section \<open>Polar decomposition of the current\<close>

lemma abs_le_norm2: "\<bar>v I\<bar> \<le> norm2 v"
proof -
  have "(v I)\<^sup>2 \<le> pair2 v v"
    unfolding pair2_def by (cases I) (auto simp: power2_eq_square)
  then show ?thesis
    unfolding norm2_def using real_sqrt_le_mono by fastforce
qed

lemma hidx_pair_le_norm2:
  assumes "l \<in> {1, 2}"
  shows "sqrt ((v (hidx l 1))\<^sup>2 + (v (hidx l 2))\<^sup>2) \<le> norm2 v"
proof -
  have "(v (hidx l 1))\<^sup>2 + (v (hidx l 2))\<^sup>2 \<le> pair2 v v"
    using assms by (auto simp: pair2_def hidx_def power2_eq_square)
  then show ?thesis
    unfolding norm2_def by (rule real_sqrt_le_mono)
qed

lemma test_form_single_form:
  assumes "Cinf \<phi>" "compact C" "C \<subseteq> \<Omega> \<times> UNIV" "{p. \<phi> p \<noteq> 0} \<subseteq> C"
  shows "test_form \<Omega> (single_form I \<phi>)"
proof -
  have "closure {p. \<phi> p \<noteq> 0} \<subseteq> C"
    using assms(2,4) by (simp add: closure_minimal compact_imp_closed)
  moreover have "compact (closure {p. \<phi> p \<noteq> 0})"
    using assms(2,4) by (meson bounded_subset compact_closure compact_imp_bounded)
  moreover have "Cinf (\<lambda>_::complex \<times> complex. 0::real)"
    by (simp add: Cinf_def Ck_const)
  ultimately show ?thesis
    using assms(1,3) unfolding test_form_def single_form_def by auto
qed

lemma pair2_single_form:
  assumes "l \<in> {1, 2}" "m \<in> {1, 2}"
  shows "pair2 (\<lambda>J. single_form (hidx l m) \<phi> J p) v = \<phi> p * v (hidx l m)"
  using assms by (auto simp: pair2_def hidx_def single_form_def)

context
  fixes \<Omega> G \<mu> \<xi>
  assumes polar: "is_polar \<Omega> G \<mu> \<xi>"
begin

lemma sets_polar: "sets \<mu> = sets borel"
  using polar by (simp add: is_polar_def)

lemma polar_component_measurable: "(\<lambda>p. \<xi> p I) \<in> borel_measurable \<mu>"
  using polar by (simp add: is_polar_def)

lemma polar_component_borel_measurable: "(\<lambda>p. \<xi> p I) \<in> borel_measurable borel"
  by (subst measurable_cong_sets[OF sets_polar[symmetric] refl]) (rule polar_component_measurable)

lemma id_measurable_polar: "id \<in> \<mu> \<rightarrow>\<^sub>M borel"
  using measurable_ident_sets[OF sets_polar] by (simp add: id_def)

══════════

EXERCISE PROMPT:
The whole listing above is to be reproduced without any slip.

EXPECTED OUTPUT:
section \<open>Polar decomposition of the current\<close>

lemma abs_le_norm2: "\<bar>v I\<bar> \<le> norm2 v"
proof -
  have "(v I)\<^sup>2 \<le> pair2 v v"
    unfolding pair2_def by (cases I) (auto simp: power2_eq_square)
  then show ?thesis
    unfolding norm2_def using real_sqrt_le_mono by fastforce
qed

lemma hidx_pair_le_norm2:
  assumes "l \<in> {1, 2}"
  shows "sqrt ((v (hidx l 1))\<^sup>2 + (v (hidx l 2))\<^sup>2) \<le> norm2 v"
proof -
  have "(v (hidx l 1))\<^sup>2 + (v (hidx l 2))\<^sup>2 \<le> pair2 v v"
    using assms by (auto simp: pair2_def hidx_def power2_eq_square)
  then show ?thesis
    unfolding norm2_def by (rule real_sqrt_le_mono)
qed

lemma test_form_single_form:
  assumes "Cinf \<phi>" "compact C" "C \<subseteq> \<Omega> \<times> UNIV" "{p. \<phi> p \<noteq> 0} \<subseteq> C"
  shows "test_form \<Omega> (single_form I \<phi>)"
proof -
  have "closure {p. \<phi> p \<noteq> 0} \<subseteq> C"
    using assms(2,4) by (simp add: closure_minimal compact_imp_closed)
  moreover have "compact (closure {p. \<phi> p \<noteq> 0})"
    using assms(2,4) by (meson bounded_subset compact_closure compact_imp_bounded)
  moreover have "Cinf (\<lambda>_::complex \<times> complex. 0::real)"
    by (simp add: Cinf_def Ck_const)
  ultimately show ?thesis
    using assms(1,3) unfolding test_form_def single_form_def by auto
qed

lemma pair2_single_form:
  assumes "l \<in> {1, 2}" "m \<in> {1, 2}"
  shows "pair2 (\<lambda>J. single_form (hidx l m) \<phi> J p) v = \<phi> p * v (hidx l m)"
  using assms by (auto simp: pair2_def hidx_def single_form_def)

context
  fixes \<Omega> G \<mu> \<xi>
  assumes polar: "is_polar \<Omega> G \<mu> \<xi>"
begin

lemma sets_polar: "sets \<mu> = sets borel"
  using polar by (simp add: is_polar_def)

lemma polar_component_measurable: "(\<lambda>p. \<xi> p I) \<in> borel_measurable \<mu>"
  using polar by (simp add: is_polar_def)

lemma polar_component_borel_measurable: "(\<lambda>p. \<xi> p I) \<in> borel_measurable borel"
  by (subst measurable_cong_sets[OF sets_polar[symmetric] refl]) (rule polar_component_measurable)

lemma id_measurable_polar: "id \<in> \<mu> \<rightarrow>\<^sub>M borel"
  using measurable_ident_sets[OF sets_polar] by (simp add: id_def)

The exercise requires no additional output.